Hi everyone,

if sigmoid function is 1/(1+exp(-z), and if its derivative is sigmoid(1-sigmoid),

then why in ŷ = σ(w1x1 + w2 x2 + b), ∂ ŷ /∂w1 becomes:

ŷ ( 1 - ŷ) x1

in page 397 of third week slides, Classification with Perceptron - Calculating the derivatives video.

Hi @Admiral1994,

To make this easier to see, let’s set z = w_1x_1 + w_2x_2 + b, so that ŷ = σ(z).

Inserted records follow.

lemma trig_poly_subseq_ae_convergent:
  assumes "\<alpha> \<in> ell2" "strict_mono N"
    and tail: "\<And>k. tail_sum (\<lambda>n. (cmod (\<alpha> n))\<^sup>2) (N k) \<le> (1/8)^k"
  shows "AE \<theta> in lborel. \<theta> \<in> {0..2*pi} \<longrightarrow> convergent (\<lambda>k. trig_poly \<alpha> (N k) \<theta>)"
proof (rule L2T_ae_convergent_if_fast_cauchy[OF trig_poly_L2T])
  have fast: "2^k * L2T_energy (\<lambda>\<theta>. trig_poly \<alpha> (N (Suc k)) \<theta> - trig_poly \<alpha> (N k) \<theta>) \<le> 2*pi * (1/4)^k" for k
  proof -
    have "L2T_energy (\<lambda>\<theta>. trig_poly \<alpha> (N (Suc k)) \<theta> - trig_poly \<alpha> (N k) \<theta>)
        \<le> 2*pi * tail_sum (\<lambda>n. (cmod (\<alpha> n))\<^sup>2) (N k)"
      using strict_mono_less_eq[OF assms(2), of k "Suc k"]
      by (intro L2T_energy_trig_poly_diff_le_tail_sum[OF assms(1)]) simp
    also have "\<dots> \<le> 2*pi * (1/8)^k" using tail[of k] by simp
    finally have "2^k * L2T_energy (\<lambda>\<theta>. trig_poly \<alpha> (N (Suc k)) \<theta> - trig_poly \<alpha> (N k) \<theta>) \<le> 2^k * (2*pi * (1/8)^k)"
      by (rule mult_left_mono) simp
    also have "\<dots> = 2*pi * (1/4)^k" by (simp add: power_divide field_simps flip: power_mult_distrib)
    finally show ?thesis .
  qed
  have "summable (\<lambda>k. 2*pi * (1/4::real)^k)" by (intro summable_mult summable_geometric) simp
  then show "summable (\<lambda>k. 2^k * L2T_energy (\<lambda>\<theta>. trig_poly \<alpha> (N (Suc k)) \<theta> - trig_poly \<alpha> (N k) \<theta>))"
  proof (rule summable_comparison_test')
    show "norm (2^k * L2T_energy (\<lambda>\<theta>. trig_poly \<alpha> (N (Suc k)) \<theta> - trig_poly \<alpha> (N k) \<theta>)) \<le> 2*pi * (1/4)^k" for k
      using fast[of k] L2T_energy_nonneg[OF L2T_diff[OF trig_poly_L2T trig_poly_L2T]] by simp
  qed
qed

lemma L2T_energy_remainder_le_tail_sum:
  assumes "\<alpha> \<in> ell2" "strict_mono N" and [measurable]: "g \<in> borel_measurable lborel"
    and lim: "AE \<theta> in lborel. \<theta> \<in> {0..2*pi} \<longrightarrow> (\<lambda>k. trig_poly \<alpha> (N k) \<theta>) \<longlonglongrightarrow> g \<theta>"
  shows "(\<lambda>\<theta>. (cmod (g \<theta> - trig_poly \<alpha> M \<theta>))\<^sup>2) integrable_on {0..2*pi}"
    and "integral {0..2*pi} (\<lambda>\<theta>. (cmod (g \<theta> - trig_poly \<alpha> M \<theta>))\<^sup>2) \<le> 2*pi * tail_sum (\<lambda>n. (cmod (\<alpha> n))\<^sup>2) M"
proof -
  have [measurable]: "trig_poly \<alpha> M \<in> borel_measurable lborel"
    using trig_poly_L2T unfolding L2T_def by blast
  have meas: "(\<lambda>\<theta>. g \<theta> - trig_poly \<alpha> M \<theta>) \<in> borel_measurable lborel" by measurable
  have lim_M: "AE \<theta> in lborel. \<theta> \<in> {0..2*pi} \<longrightarrow>
      (\<lambda>k. trig_poly \<alpha> (N k) \<theta> - trig_poly \<alpha> M \<theta>) \<longlonglongrightarrow> g \<theta> - trig_poly \<alpha> M \<theta>"
    using lim by eventually_elim (auto intro: tendsto_diff)
  have bound: "L2T_energy (\<lambda>\<theta>. trig_poly \<alpha> (N k) \<theta> - trig_poly \<alpha> M \<theta>)
      \<le> 2*pi * tail_sum (\<lambda>n. (cmod (\<alpha> n))\<^sup>2) M" if "k \<ge> M" for k
    using that seq_suble[OF assms(2), of k] by (intro L2T_energy_trig_poly_diff_le_tail_sum[OF assms(1)]) simp
  show "(\<lambda>\<theta>. (cmod (g \<theta> - trig_poly \<alpha> M \<theta>))\<^sup>2) integrable_on {0..2*pi}"
    and "integral {0..2*pi} (\<lambda>\<theta>. (cmod (g \<theta> - trig_poly \<alpha> M \<theta>))\<^sup>2) \<le> 2*pi * tail_sum (\<lambda>n. (cmod (\<alpha> n))\<^sup>2) M"
    using L2T_energy_le_if_ae_tendsto[where F="\<lambda>k \<theta>. trig_poly \<alpha> (N k) \<theta> - trig_poly \<alpha> M \<theta>",
        OF L2T_diff[OF trig_poly_L2T trig_poly_L2T] meas lim_M bound]
    by simp_all
qed
(* Let $\phi\in L^2(-1,0)$, let $D(z)=-iz+e^{-iz}+\int_{-1}^0e^{i\tau z}\phi(\tau)\,d\tau$ with zero set $\Lambda$, let $\vec e_\lambda=(1,e^{i\lambda\tau})$, $\lambda\in\Lambda$, and let $\{\vec x_\lambda=(\xi_\lambda,x_\lambda)\}_{\lambda\in\Lambda}$ be the biorthogonal system. Then for every $\lambda\in\Lambda$, $$\overline{\xi_\lambda}=\frac{-i}{D'(\lambda)},$$ and for all $z\in\mathbb C$ (with the right-hand side understood by continuity at $z=\lambda$), $$\int_{-1}^0e^{izt}\overline{x_\lambda(t)}\,dt=\frac1{D'(\lambda)}\cdot\frac{e^{-iz}+\int_{-1}^0e^{iz\tau}\phi(\tau)\,d\tau+i\lambda}{z-\lambda}.$$
   Context: $\mathcal M=\mathbb C\times L^2(-1,0)$ with inner product $\langle(\xi,x),(\eta,y)\rangle=\xi\bar\eta+\int_{-1}^0x(t)\overline{y(t)}\,dt$. Standing assumptions: all zeros of $D$ lie in $\mathbb C_+=\{\operatorname{Im}z>0\}$ and are simple. The system $\{\vec e_\lambda\}$ is complete and minimal in $\mathcal M$, and $\{\vec x_\lambda\}$ is the unique system in $\mathcal M$ with $\langle\vec e_\mu,\vec x_\lambda\rangle=\delta_{\lambda,\mu}$ for $\lambda,\mu\in\Lambda$. *)

theory Defs
  imports "HOL-Analysis.Analysis"
begin

text \<open>Elements of M = C x L2(-1,0) are pairs (xi, x) with x :: real => complex.\<close>

type_synonym Mvec = "complex \<times> (real \<Rightarrow> complex)"

definition L2m :: "(real \<Rightarrow> complex) \<Rightarrow> bool" where
  "L2m f \<longleftrightarrow> set_borel_measurable lborel {-1..0::real} f \<and>
     set_integrable lborel {-1..0::real} (\<lambda>t. (cmod (f t))^2)"

definition inM :: "Mvec \<Rightarrow> bool" where
  "inM u \<longleftrightarrow> L2m (snd u)"

definition Mip :: "Mvec \<Rightarrow> Mvec \<Rightarrow> complex" where
  "Mip u w = fst u * cnj (fst w) + (LINT t:{-1..0}|lborel. snd u t * cnj (snd w t))"

definition Mdist :: "Mvec \<Rightarrow> Mvec \<Rightarrow> real" where
  "Mdist u w = sqrt ((cmod (fst u - fst w))^2 +
      (LINT t:{-1..0}|lborel. (cmod (snd u t - snd w t))^2))"

definition Mcomb :: "complex set \<Rightarrow> (complex \<Rightarrow> complex) \<Rightarrow> (complex \<Rightarrow> Mvec) \<Rightarrow> Mvec" where
  "Mcomb F c v = ((\<Sum>l\<in>F. c l * fst (v l)), (\<lambda>t. \<Sum>l\<in>F. c l * snd (v l) t))"

definition complete_sys :: "complex set \<Rightarrow> (complex \<Rightarrow> Mvec) \<Rightarrow> bool" where
  "complete_sys \<Lambda> v \<longleftrightarrow> (\<forall>u. inM u \<longrightarrow> (\<forall>\<epsilon>>0. \<exists>F c. finite F \<and> F \<subseteq> \<Lambda> \<and>
       Mdist u (Mcomb F c v) < \<epsilon>))"

definition minimal_sys :: "complex set \<Rightarrow> (complex \<Rightarrow> Mvec) \<Rightarrow> bool" where
  "minimal_sys \<Lambda> v \<longleftrightarrow> (\<forall>\<mu>\<in>\<Lambda>. \<exists>\<epsilon>>0. \<forall>F c. finite F \<and> F \<subseteq> \<Lambda> - {\<mu>} \<longrightarrow>
       \<epsilon> \<le> Mdist (v \<mu>) (Mcomb F c v))"

definition Dfun :: "(real \<Rightarrow> complex) \<Rightarrow> complex \<Rightarrow> complex" where
  "Dfun \<phi> z = - \<i> * z + exp (- \<i> * z) +
      (LINT \<tau>:{-1..0}|lborel. exp (\<i> * of_real \<tau> * z) * \<phi> \<tau>)"

definition evec :: "complex \<Rightarrow> Mvec" where
  "evec l = (1, (\<lambda>\<tau>. exp (\<i> * l * of_real \<tau>)))"

end

theory Submission
  imports Defs
begin

text \<open>
  Write D(z) = -iz + E(z) with E(z) = exp(-iz) + int_{-1}^0 exp(iz tau) phi(tau) dtau. For a fixed zero l
  of D, the divided difference (E(z) - E(l)) / (z - l) is itself a Fourier integral
  int_{-1}^0 exp(izs) y(s) ds of a bounded kernel y (by Fubini). Hence K(z) = int_{-1}^0 exp(izs) y(s) ds - i
  satisfies D(z) - D(l) = (z - l) K(z), so D'(l) = K(l), and K vanishes at every other zero of D.
  The vector u = (cnj (-i / D'(l)), cnj (y / D'(l))) therefore has inner product K(mu) / D'(l), which is
  1 for mu = l and 0 otherwise, with every e_mu; by completeness x_l = u, and both formulas follow.
\<close>

lemma borel_measurable_cnj [measurable]: "cnj \<in> borel_measurable borel"
  by (intro borel_measurable_continuous_onI continuous_intros)

lemma norm_exp_i_mult_le:
  fixes w :: complex and s :: real
  assumes "\<bar>s\<bar> \<le> 1"
  shows "cmod (exp (\<i> * w * of_real s)) \<le> exp (cmod w)"
proof -
  have "Re (\<i> * w * of_real s) \<le> cmod (\<i> * w * of_real s)" by (rule complex_Re_le_cmod)
  also have "\<dots> = cmod w * \<bar>s\<bar>" by (simp add: norm_mult)
  also have "\<dots> \<le> cmod w" using assms by (simp add: mult_left_le)
  finally show ?thesis by (simp add: norm_exp_eq_Re)
qed

lemma set_integral_Re:
  fixes f :: "'a \<Rightarrow> complex"
  assumes "set_integrable M A f"
  shows "(LINT x:A|M. Re (f x)) = Re (LINT x:A|M. f x)"
proof -
  have "integrable M (\<lambda>x. indicator A x *\<^sub>R f x)"
    using assms by (simp add: set_integrable_def)
  from integral_Re[OF this] show ?thesis
    by (simp add: set_lebesgue_integral_def)
qed

lemma set_integral_sum:
  fixes f :: "'i \<Rightarrow> 'a \<Rightarrow> 'b::{banach, second_countable_topology}"
  assumes "\<And>i. i \<in> I \<Longrightarrow> set_integrable M A (f i)"
  shows "(LINT x:A|M. \<Sum>i\<in>I. f i x) = (\<Sum>i\<in>I. LINT x:A|M. f i x)"
  using assms unfolding set_lebesgue_integral_def set_integrable_def
  by (simp add: scaleR_sum_right integral_sum)

lemma set_integrable_bounded_mult:
  fixes g f :: "'a \<Rightarrow> complex"
  assumes g: "g \<in> borel_measurable M" and B: "\<And>t. t \<in> A \<Longrightarrow> cmod (g t) \<le> B"
    and f: "set_integrable M A f"
  shows "set_integrable M A (\<lambda>t. g t * f t)"
proof (rule set_integrable_bound[where f = "\<lambda>t. of_real B * f t"])
  show "set_integrable M A (\<lambda>t. complex_of_real B * f t)"
    using f by simp
  have "(\<lambda>t. indicator A t *\<^sub>R f t) \<in> borel_measurable M"
    using f unfolding set_integrable_def by auto
  then have "(\<lambda>t. g t * (indicator A t *\<^sub>R f t)) \<in> borel_measurable M"
    using g by measurable
  then show "set_borel_measurable M A (\<lambda>t. g t * f t)"
    unfolding set_borel_measurable_def by simp
  have "cmod (g t * f t) \<le> cmod (complex_of_real B * f t)" if "t \<in> A" for t
  proof -
    have "0 \<le> B" using B[OF that] norm_ge_zero order_trans by blast
    then show ?thesis
      using B[OF that] by (simp add: norm_mult mult_right_mono)
  qed
  then show "AE t in M. t \<in> A \<longrightarrow> cmod (g t * f t) \<le> cmod (complex_of_real B * f t)"
    by (intro AE_I2 impI)
qed

lemma (in pair_sigma_finite) integrable_product_bound:
  fixes F :: "'a \<Rightarrow> 'b \<Rightarrow> 'c::{banach, second_countable_topology}" and k :: "'a \<Rightarrow> real" and h :: "'b \<Rightarrow> real"
  assumes F: "case_prod F \<in> borel_measurable (M1 \<Otimes>\<^sub>M M2)"
    and k: "integrable M1 k" and h: "integrable M2 h"
    and le: "\<And>x y. x \<in> space M1 \<Longrightarrow> y \<in> space M2 \<Longrightarrow> norm (F x y) \<le> k x * h y"
  shows "integrable (M1 \<Otimes>\<^sub>M M2) (case_prod F)"
proof (rule Bochner_Integration.integrable_bound[OF _ F])
  have [measurable]: "k \<in> borel_measurable M1" "h \<in> borel_measurable M2"
    using k h by (simp_all add: borel_measurable_integrable)
  show "integrable (M1 \<Otimes>\<^sub>M M2) (\<lambda>(x, y). k x * h y)"
  proof (rule Fubini_integrable)
    show "(\<lambda>(x, y). k x * h y) \<in> borel_measurable (M1 \<Otimes>\<^sub>M M2)"
      by measurable
    show "integrable M1 (\<lambda>x. LINT y|M2. norm (case_prod (\<lambda>x y. k x * h y) (x, y)))"
      using k by (simp add: abs_mult integrable_abs integrable_mult_left)
    show "AE x in M1. integrable M2 (\<lambda>y. case_prod (\<lambda>x y. k x * h y) (x, y))"
      using h by (intro AE_I2) simp
  qed
  have "norm (F x y) \<le> norm (k x * h y)" if "x \<in> space M1" "y \<in> space M2" for x y
    using le[OF that] by (rule order_trans) simp
  then show "AE p in M1 \<Otimes>\<^sub>M M2. norm (case_prod F p) \<le> norm (case_prod (\<lambda>x y. k x * h y) p)"
    by (intro AE_I2) (auto simp: space_pair_measure)
qed

lemma tendsto_divided_difference:
  fixes f g :: "'a::real_normed_field \<Rightarrow> 'a"
  assumes eq: "\<And>z. f z = (z - a) * g z" and g: "isCont g a"
  shows "((\<lambda>z. f z / (z - a)) \<longlongrightarrow> g a) (at a)"
proof -
  have "\<forall>\<^sub>F z in at a. g z = f z / (z - a)"
    unfolding eventually_at_filter by (intro always_eventually) (simp add: eq)
  with g show ?thesis
    unfolding isCont_def by (rule Lim_transform_eventually)
qed
definition rho :: "nat \<Rightarrow> nat \<Rightarrow> int" where
  "rho m = (\<lambda>k. if 1 \<le> k \<and> k \<le> m then int (m - k + 1) else 0)"

definition s_aff :: "nat \<Rightarrow> nat \<Rightarrow> (nat \<Rightarrow> int) \<Rightarrow> int \<Rightarrow> (nat \<Rightarrow> int) \<Rightarrow> nat \<Rightarrow> int" where
  "s_aff p m \<alpha> l x = (\<lambda>k. x k - (coroot_pair m x \<alpha> - l * int p) * \<alpha> k)"

definition dot :: "nat \<Rightarrow> ((nat \<Rightarrow> int) \<Rightarrow> (nat \<Rightarrow> int)) \<Rightarrow> (nat \<Rightarrow> int) \<Rightarrow> nat \<Rightarrow> int" where
  "dot m w x = subv (w (addv x (rho m))) (rho m)"

definition dominant :: "nat \<Rightarrow> (nat \<Rightarrow> int) \<Rightarrow> bool" where
  "dominant m x \<longleftrightarrow> x \<in> wts m \<and> (\<forall>i j. 1 \<le> i \<and> i \<le> j \<and> j \<le> m \<longrightarrow> x j \<le> x i)
     \<and> (\<forall>k\<in>{1..m}. 0 \<le> x k)"

definition p_core :: "nat \<Rightarrow> nat \<Rightarrow> (nat \<Rightarrow> int) \<Rightarrow> bool" where
  "p_core p m lam \<longleftrightarrow> dominant m lam \<and>
     (\<forall>i\<in>{1..m}. \<forall>l::int. l \<ge> 1 \<longrightarrow> addv lam (rho m) i - l * int p > 0 \<longrightarrow>
        (\<exists>j\<in>{1..m}. addv lam (rho m) j = addv lam (rho m) i - l * int p))"

text \<open>Weyl group of type C_m: signed permutations (sigma, e) of {1..m}.\<close>
definition weyl :: "nat \<Rightarrow> ((nat \<Rightarrow> nat) \<times> (nat \<Rightarrow> int)) set" where
  "weyl m = {(\<sigma>, e). \<sigma> permutes {1..m} \<and> (\<forall>k. e k = 1 \<or> e k = -1)
                       \<and> (\<forall>k. k \<notin> {1..m} \<longrightarrow> e k = 1)}"

definition wact :: "(nat \<Rightarrow> nat) \<times> (nat \<Rightarrow> int) \<Rightarrow> (nat \<Rightarrow> int) \<Rightarrow> nat \<Rightarrow> int" where
  "wact w x = (\<lambda>k. snd w k * x (fst w k))"

definition wsgn :: "nat \<Rightarrow> (nat \<Rightarrow> nat) \<times> (nat \<Rightarrow> int) \<Rightarrow> int" where
  "wsgn m w = sign (fst w) * (\<Prod>k\<in>{1..m}. snd w k)"

text \<open>Elements of the group ring Z[X]: finitely supported functions X => int.\<close>
definition grp_ring :: "nat \<Rightarrow> ((nat \<Rightarrow> int) \<Rightarrow> int) set" where
  "grp_ring m = {f. finite {x. f x \<noteq> 0} \<and> {x. f x \<noteq> 0} \<subseteq> wts m}"

definition gmult :: "((nat \<Rightarrow> int) \<Rightarrow> int) \<Rightarrow> ((nat \<Rightarrow> int) \<Rightarrow> int) \<Rightarrow> (nat \<Rightarrow> int) \<Rightarrow> int" where
  "gmult f g = (\<lambda>x. \<Sum>y\<in>{y. f y \<noteq> 0}. f y * g (subv x y))"

definition altsum :: "nat \<Rightarrow> (nat \<Rightarrow> int) \<Rightarrow> (nat \<Rightarrow> int) \<Rightarrow> int" where
  "altsum m \<nu> = (\<lambda>x. \<Sum>w\<in>{w\<in>weyl m. wact w \<nu> = x}. wsgn m w)"

text \<open>Weyl character chi(mu) = A(mu + rho) / A(rho) (Weyl character formula),
  the unique element of Z[X] with chi(mu) * A(rho) = A(mu + rho).\<close>
definition weyl_char :: "nat \<Rightarrow> (nat \<Rightarrow> int) \<Rightarrow> (nat \<Rightarrow> int) \<Rightarrow> int" where
  "weyl_char m \<mu> = (THE c. c \<in> grp_ring m \<and>
      gmult c (altsum m (rho m)) = altsum m (addv \<mu> (rho m)))"

end

theory Submission
  imports Defs
begin

text \<open>Put \<open>\<nu> = \<lambda> + \<rho>\<close>, so \<open>\<nu>\<^sub>i - \<nu>\<^sub>j = a + lp\<close>. Since \<open>\<nu>\<^sub>j \<ge> 1\<close>, the entry \<open>\<nu>\<^sub>i - lp\<close> is positive,
  hence by the \<open>p\<close>-core property it equals some entry \<open>\<nu>\<^sub>k\<close>, with \<open>k \<noteq> i, j\<close>.
  Now \<open>s\<^sub>\<alpha>\<^sub>,\<^sub>l \<cdot> \<lambda> + \<rho> = \<nu> - a\<alpha>\<close>, whose \<open>j\<close>-th entry \<open>\<nu>\<^sub>j + a = \<nu>\<^sub>i - lp\<close> equals its \<open>k\<close>-th entry.
  A weight with two equal entries has vanishing alternating sum (the transposition of the two
  positions is an odd symmetry), and multiplication by \<open>A(\<rho>)\<close> is injective on \<open>\<int>[X]\<close>
  (compare coefficients at the top of the support with respect to \<open>\<langle>\<rho>, -\<rangle>\<close>), so the Weyl
  character vanishes.\<close>

lemma sum_times_eps: "(\<Sum>k\<in>{1..m}. x k * eps i k) = (if i \<in> {1..m} then x i else 0)"
proof -
  have "(\<Sum>k\<in>{1..m}. x k * eps i k) = (\<Sum>k\<in>{1..m}. if k = i then x k else 0)"
    by (rule sum.cong) (auto simp: eps_def)
  thus ?thesis by simp
qed

lemma inner_w_eps_diff:
  assumes "i \<in> {1..m}" "j \<in> {1..m}"
  shows "inner_w m x (subv (eps i) (eps j)) = x i - x j"
  using assms unfolding inner_w_def subv_def right_diff_distrib sum_subtractf sum_times_eps
  by simp

lemma coroot_pair_eps_diff:
  assumes "i \<in> {1..m}" "j \<in> {1..m}" "i \<noteq> j"
  shows "coroot_pair m x (subv (eps i) (eps j)) = x i - x j"
  using assms unfolding coroot_pair_def inner_w_eps_diff[OF assms(1,2)]
  by (simp add: subv_def eps_def)

lemma inner_w_addv: "inner_w m z (addv x y) = inner_w m z x + inner_w m z y"
  unfolding inner_w_def addv_def by (simp add: distrib_left sum.distrib)

lemma inner_w_subv: "inner_w m z (subv x y) = inner_w m z x - inner_w m z y"
  unfolding inner_w_def subv_def by (simp add: right_diff_distrib sum_subtractf)

lemma addv_dot_rho: "addv (dot m w x) (rho m) = w (addv x (rho m))"
  by (simp add: dot_def addv_def subv_def)

lemma rho_pos: "k \<in> {1..m} \<Longrightarrow> rho m k > 0"
  by (simp add: rho_def)

lemma rho_inj: "k \<in> {1..m} \<Longrightarrow> k' \<in> {1..m} \<Longrightarrow> rho m k = rho m k' \<Longrightarrow> k = k'"
  by (auto simp: rho_def)

lemma rho_in_wts: "rho m \<in> wts m"
  by (simp add: wts_def rho_def)

lemma weylE:
  assumes "w \<in> weyl m"
  obtains \<sigma> e where "w = (\<sigma>, e)" "\<sigma> permutes {1..m}" "\<And>k. e k = 1 \<or> e k = -1"
    "\<And>k. k \<notin> {1..m} \<Longrightarrow> e k = 1"
  using assms unfolding weyl_def by auto

lemma wact_outside:
  assumes "w \<in> weyl m" "k \<notin> {1..m}"
  shows "wact w x k = x k"
  using assms by (elim weylE) (simp add: wact_def permutes_not_in)

lemma sum_square_wact:
  assumes "w \<in> weyl m"
  shows "(\<Sum>k\<in>{1..m}. (wact w x k)\<^sup>2) = (\<Sum>k\<in>{1..m}. (x k)\<^sup>2)"
proof -
  obtain \<sigma> e where w: "w = (\<sigma>, e)" "\<sigma> permutes {1..m}" "\<And>k. e k = 1 \<or> e k = -1"
    using assms by (elim weylE) blast
  have "(wact w x k)\<^sup>2 = (x (\<sigma> k))\<^sup>2" for k
    using w(3)[of k] by (auto simp: wact_def w(1))
  hence "(\<Sum>k\<in>{1..m}. (wact w x k)\<^sup>2) = (\<Sum>k\<in>{1..m}. (x (\<sigma> k))\<^sup>2)"
    by simp
  also have "\<dots> = (\<Sum>k\<in>{1..m}. (x k)\<^sup>2)"
    using sum.reindex_bij_betw[OF permutes_imp_bij[OF w(2)], of "\<lambda>k. (x k)\<^sup>2"] by simp
  finally show ?thesis .
qed

lemma inner_w_wact_defect:
  assumes "w \<in> weyl m"
  shows "2 * (inner_w m x x - inner_w m x (wact w x)) = (\<Sum>k\<in>{1..m}. (x k - wact w x k)\<^sup>2)"
proof -
  have "(\<Sum>k\<in>{1..m}. (x k - wact w x k)\<^sup>2) =
      (\<Sum>k\<in>{1..m}. (x k)\<^sup>2) + (\<Sum>k\<in>{1..m}. (wact w x k)\<^sup>2) - 2 * (\<Sum>k\<in>{1..m}. x k * wact w x k)"
    by (simp add: power2_diff sum.distrib sum_subtractf sum_distrib_left algebra_simps)
  thus ?thesis
    using sum_square_wact[OF assms] unfolding inner_w_def by (simp add: power2_eq_square)
qed

lemma inner_w_wact_le:
  assumes "w \<in> weyl m"
  shows "inner_w m x (wact w x) \<le> inner_w m x x"
  using inner_w_wact_defect[OF assms, of x] sum_nonneg[of "{1..m}" "\<lambda>k. (x k - wact w x k)\<^sup>2"]
  by simp

lemma inner_w_wact_eq_imp_fixed:
  assumes "w \<in> weyl m" "x \<in> wts m" "inner_w m x (wact w x) = inner_w m x x"
  shows "wact w x = x"
proof
  fix k
  show "wact w x k = x k"
  proof (cases "k \<in> {1..m}")
    case True
    have "(\<Sum>k\<in>{1..m}. (x k - wact w x k)\<^sup>2) = 0"
      using inner_w_wact_defect[OF assms(1), of x] assms(3) by simp
    then have "(x k - wact w x k)\<^sup>2 = 0"
      using True by (subst (asm) sum_nonneg_eq_0_iff) auto
    thus ?thesis by simp
  next
    case False
    thus ?thesis using wact_outside[OF assms(1)] by simp
  qed
qed

lemma weyl_fixing_rho:
  assumes "w \<in> weyl m" "wact w (rho m) = rho m"
  shows "w = (id, \<lambda>_. 1)"
proof -
  obtain \<sigma> e where w: "w = (\<sigma>, e)" "\<sigma> permutes {1..m}" "\<And>k. e k = 1 \<or> e k = -1"
    "\<And>k. k \<notin> {1..m} \<Longrightarrow> e k = 1"
    using assms(1) by (elim weylE) blast
  have "\<sigma> k = k \<and> e k = 1" for k
  proof (cases "k \<in> {1..m}")
    case True
    have \<sigma>k: "\<sigma> k \<in> {1..m}" using permutes_in_image[OF w(2)] True by simp
    have eq: "e k * rho m (\<sigma> k) = rho m k"
      using fun_cong[OF assms(2), of k] by (simp add: wact_def w(1))
    have "e k = 1"
      using w(3)[of k] eq rho_pos[OF \<sigma>k] rho_pos[OF True] by auto
    thus ?thesis using eq rho_inj[OF \<sigma>k True] by simp
  next
    case False
    thus ?thesis using w(2,4) by (simp add: permutes_not_in)
  qed
  thus ?thesis using w(1) by auto
qed

lemma altsum_rho_at_rho: "altsum m (rho m) (rho m) = 1"
proof -
  have "{w\<in>weyl m. wact w (rho m) = rho m} = {(id, \<lambda>_. 1)}"
    using weyl_fixing_rho by (auto simp: weyl_def wact_def permutes_id)
  thus ?thesis by (simp add: altsum_def wsgn_def)
qed

lemma altsum_nonzero_imp_orbit:
  assumes "altsum m \<nu> x \<noteq> 0"
  obtains w where "w \<in> weyl m" "wact w \<nu> = x"
proof -
  have "{w\<in>weyl m. wact w \<nu> = x} \<noteq> {}"
    using assms unfolding altsum_def by (metis sum.empty)
  thus ?thesis using that by blast
qed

To calculate ∂ŷ / ∂w1, we’re taking the partial derivative of ŷ with respect to w1, meaning all other variables are treated as constants except for the w1.

Using chain rule, we would have

\frac{\partial \hat{y}}{\partial w_1} = \frac{\partial \hat{y}}{\partial z} * \frac{\partial z}{\partial w_1}

Calculating each part on the right hand side, we get

\frac{\partial \hat{y}}{\partial z} = \sigma(z) * (1 - \sigma(z))

\frac{\partial z}{\partial w_1} = \frac{\partial}{\partial w_1}(w_1x_1 + w_2x_2 + b) = x_1

So we have:

\frac{\partial \hat{y}}{\partial w_1} = \sigma(z) * (1 - \sigma(z)) * x_1

Since we set ŷ = σ(z), we can substitute it back in, giving us:

\frac{\partial \hat{y}}{\partial w_1} = \hat{y} * (1 - \hat{y}) * x_1

I hope this helps!

4 Likes

thanks a lot, that was really helpful. appreciate it.

1 Like

Glad I could help!